Money Market Funds - The fair values of cash equivalents approximate their carrying values due to the short-term nature of such financial instruments.

Corporate Securities - Corporate securities consists of common stock shares of Evofem, a clinical-stage biopharmaceutical company listed on Nasdaq. For additional information on the Evofem investment, see Note 3, Investment in Evofem.

Warrants - Warrants consist of rights to purchase shares of common stock in Evofem and CareView, see Note 3, Investment in Evofem, and Note 7, Notes and Other Long-Term Receivables. The fair value of the warrants is estimated using recently quoted market prices of the underlying equity security and the Black-Scholes option pricing model.

Royalty Rights - At Fair Value

Assertio (Depomed) Royalty Agreement

On October 18, 2013, the Company entered into the Royalty Purchase and Sale Agreement (the “Assertio Royalty Agreement”) with Assertio Therapeutics, Inc. (formerly known as Depomed, Inc.), and Depo DR Sub, LLC (together, “Assertio”), whereby the Company acquired the rights to receive royalties and milestones payable on sales of five Type 2 diabetes products licensed by Assertio in exchange for a $240.5 million cash payment. Total consideration was $241.3 million, which was comprised of the $240.5 million cash payment to Assertio and $0.8 million in transaction costs.

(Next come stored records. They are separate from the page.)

(* The ML estimate of $\alpha_{t}$ from the observation $z_k = z_{k,\Re} + \jmath z_{k,\Im}$ (with $z_{k,\Re}, z_{k,\Im} \in \mathbb{R}$) is \begin{equation} \hat{\alpha}_{t,k}^{\text{ML}} = \arg\max_{\alpha \geq \rho_k \beta_k \tau_p} \; f_1 \left( z_{k,\Re} | \alpha \right) f_2 \left( z_{k,\Im} | \alpha \right) \end{equation} for the conditional PDFs \begin{align} &f_1 \left( z_{k,\Re} | \alpha \right) = \frac{ e^{- \frac{(z_{k,\Re})^2}{\lambda_2} \left( 1 - \frac{\lambda_1}{\lambda_1 + \lambda_2} \right)} }{\Gamma(M) \lambda_1^M \sqrt{\pi \lambda_2 }} \sum_{n=0}^{2M-1} {2M-1 \choose n} \notag \\ & \times \frac{\left( \Gamma \left( \frac{n+1}{2} \right) + c_n(z_{k,\Re}) \gamma \left( \frac{n+1}{2} , \frac{(z_{k,\Re})^2}{\lambda_2} \frac{\lambda_1}{\lambda_1+\lambda_2} \right) \right) }{ \left( \frac{z_{k,\Re}}{\lambda_2} \right)^{n+1-2M} \left( \frac{1}{\lambda_1} + \frac{1}{\lambda_2} \right)^{2M-\frac{n+1}{2}} }, \\ &f_2 \left( z_{k,\Im} | \alpha \right) = \frac{1}{\sqrt{\pi \lambda_2 }} e^{- \frac{( z_{k,\Im} )^2 }{\lambda_2} }, \end{align} where $\gamma(\cdot,\cdot)$ is the lower incomplete gamma function, $c_n(z)=(-1)^n$ if $z\ge 0$ and $c_n(z)=-1$ if $z<0$, and \begin{align} \lambda_1 &= \frac{\rho_k q \beta_k^2 \tau_p^2}{\alpha + \sigma^2}, \qquad \lambda_2 = \sigma^2 + \Upsilon_k + q \beta_k \tau_p - \lambda_1. \end{align}
   Context: A BS with $M$ antennas; $\tau_p$ orthogonal uplink pilots $\boldsymbol{\psi}_t$ with $\|\boldsymbol{\psi}_t\|^2=\tau_p$; $\mathcal{S}_t$ is the set of UEs sending pilot $t$, UE $i$ using power $\rho_i>0$. Uncorrelated Rayleigh fading $\mathbf{h}_k\sim\mathcal{CN}(\mathbf{0},\beta_k\mathbf{I}_M)$, independent across UEs, with $\beta_k$ known to UE $k$. The BS obtains $\mathbf{y}_t=\sum_{i\in\mathcal{S}_t}\sqrt{\rho_i\tau_p}\,\mathbf{h}_i+(\text{inter-cell interference of per-antenna power }\omega_t)+\mathbf{n}_t$, $\mathbf{n}_t\sim\mathcal{CN}(\mathbf{0},\sigma^2\mathbf{I}_M)$, and $\alpha_t=\sum_{i\in\mathcal{S}_t}\rho_i\beta_i\tau_p+\omega_t$. It transmits $\mathbf{V}=\sqrt{q}\sum_t\frac{\mathbf{y}_t^*}{\|\mathbf{y}_t\|}\boldsymbol{\phi}_t^{\mathrm{T}}$ with orthogonal $\boldsymbol{\phi}_t$, $\|\boldsymbol{\phi}_t\|^2=\tau_p$. UE $k\in\mathcal{S}_t$ observes $z_k=\sqrt{q\tau_p}\,\mathbf{h}_k^{\mathrm{T}}\frac{\mathbf{y}_t^*}{\|\mathbf{y}_t\|}+\boldsymbol{\upsilon}_k^{\mathrm{T}}\frac{\boldsymbol{\phi}_t^*}{\|\boldsymbol{\phi}_t\|}+\eta_k$ with $\boldsymbol{\upsilon}_k\sim\mathcal{CN}(\mathbf{0},\Upsilon_k\mathbf{I}_{\tau_p})$ independent inter-cell interference and $\eta_k\sim\mathcal{CN}(0,\sigma^2)$. Then $z_k=g_k+\nu_k$ with independent $g_k=\sqrt{\lambda_1/2}\,x$, $x\sim\chi_{2M}$, and $\nu_k\sim\mathcal{CN}(0,\lambda_2)$ (with $\alpha=\alpha_t$). UE $k$ knows $\alpha_t\ge\rho_k\beta_k\tau_p$. *)

theory Defs
  imports "HOL-Probability.Probability"
begin

definition lower_inc_gamma :: "real \<Rightarrow> real \<Rightarrow> real" where
  "lower_inc_gamma s x = integral {0..x} (\<lambda>t. t powr (s - 1) * exp (- t))"

definition chi_density :: "nat \<Rightarrow> real \<Rightarrow> real" where
  "chi_density k x = (if x > 0 then x ^ (k - 1) * exp (- (x\<^sup>2) / 2)
                       / (2 powr (real k / 2 - 1) * Gamma (real k / 2)) else 0)"

definition c_sign :: "nat \<Rightarrow> real \<Rightarrow> real" where
  "c_sign n z = (if z \<ge> 0 then (-1) ^ n else -1)"

definition lam1 :: "real \<Rightarrow> real \<Rightarrow> real \<Rightarrow> real \<Rightarrow> real \<Rightarrow> real \<Rightarrow> real" where
  "lam1 rho q beta tp sigma2 alpha = rho * q * beta\<^sup>2 * tp\<^sup>2 / (alpha + sigma2)"

definition lam2 :: "real \<Rightarrow> real \<Rightarrow> real \<Rightarrow> real \<Rightarrow> real \<Rightarrow> real \<Rightarrow> real \<Rightarrow> real" where
  "lam2 rho q beta tp sigma2 Ups alpha =
     sigma2 + Ups + q * beta * tp - lam1 rho q beta tp sigma2 alpha"

definition f1 :: "nat \<Rightarrow> real \<Rightarrow> real \<Rightarrow> real \<Rightarrow> real" where
  "f1 M l1 l2 z =
     exp (- (z\<^sup>2 / l2) * (1 - l1 / (l1 + l2))) / (Gamma (real M) * l1 ^ M * sqrt (pi * l2))
     * (\<Sum>n = 0..2*M-1. real ((2*M-1) choose n) *
          ((Gamma ((real n + 1) / 2)
             + c_sign n z * lower_inc_gamma ((real n + 1) / 2) (z\<^sup>2 / l2 * (l1 / (l1 + l2))))
           / ((z / l2) powi (int n + 1 - 2 * int M)
              * (1 / l1 + 1 / l2) powr (2 * real M - (real n + 1) / 2))))"

definition f2 :: "real \<Rightarrow> real \<Rightarrow> real" where
  "f2 l2 z = exp (- (z\<^sup>2) / l2) / sqrt (pi * l2)"

end

theory Submission
  imports Defs
begin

The rights acquired include Assertio’s royalty and milestone payments accruing from and after October 1, 2013: (a) from Santarus, Inc., which was subsequently acquired by Salix Pharmaceuticals, Inc., which itself was acquired by Valeant Pharmaceuticals International, Inc. (“Valeant”), which, in July 2018, changed its name to Bausch Health Companies Inc. (“Bausch Health”) with respect to sales of Glumetza (metformin HCL extended-release tablets) in the United States; (b) from Merck & Co., Inc. with respect to sales of Janumet® XR (sitagliptin and metformin HCL extended-release tablets); (c) from Janssen Pharmaceutica N.V. with respect to potential future development milestones and sales of its approved fixed-dose combination of Invokana® (canagliflozin, a sodium glucose cotransporter 2 (SGLT2) inhibitor) and extended-release metformin tablets, marketed as Invokamet XR®; (d) from Boehringer Ingelheim and Eli Lilly and Company with respect to potential future development milestones and sales of the investigational fixed-dose combinations of drugs and extended-release metformin subject to Assertio’s license agreement with Boehringer Ingelheim, including its approved products, Jentadueto XR® and Synjardy XR®; and (e) from Bausch Health for sales of extended-release metformin tablets in Korea and Canada, respectively.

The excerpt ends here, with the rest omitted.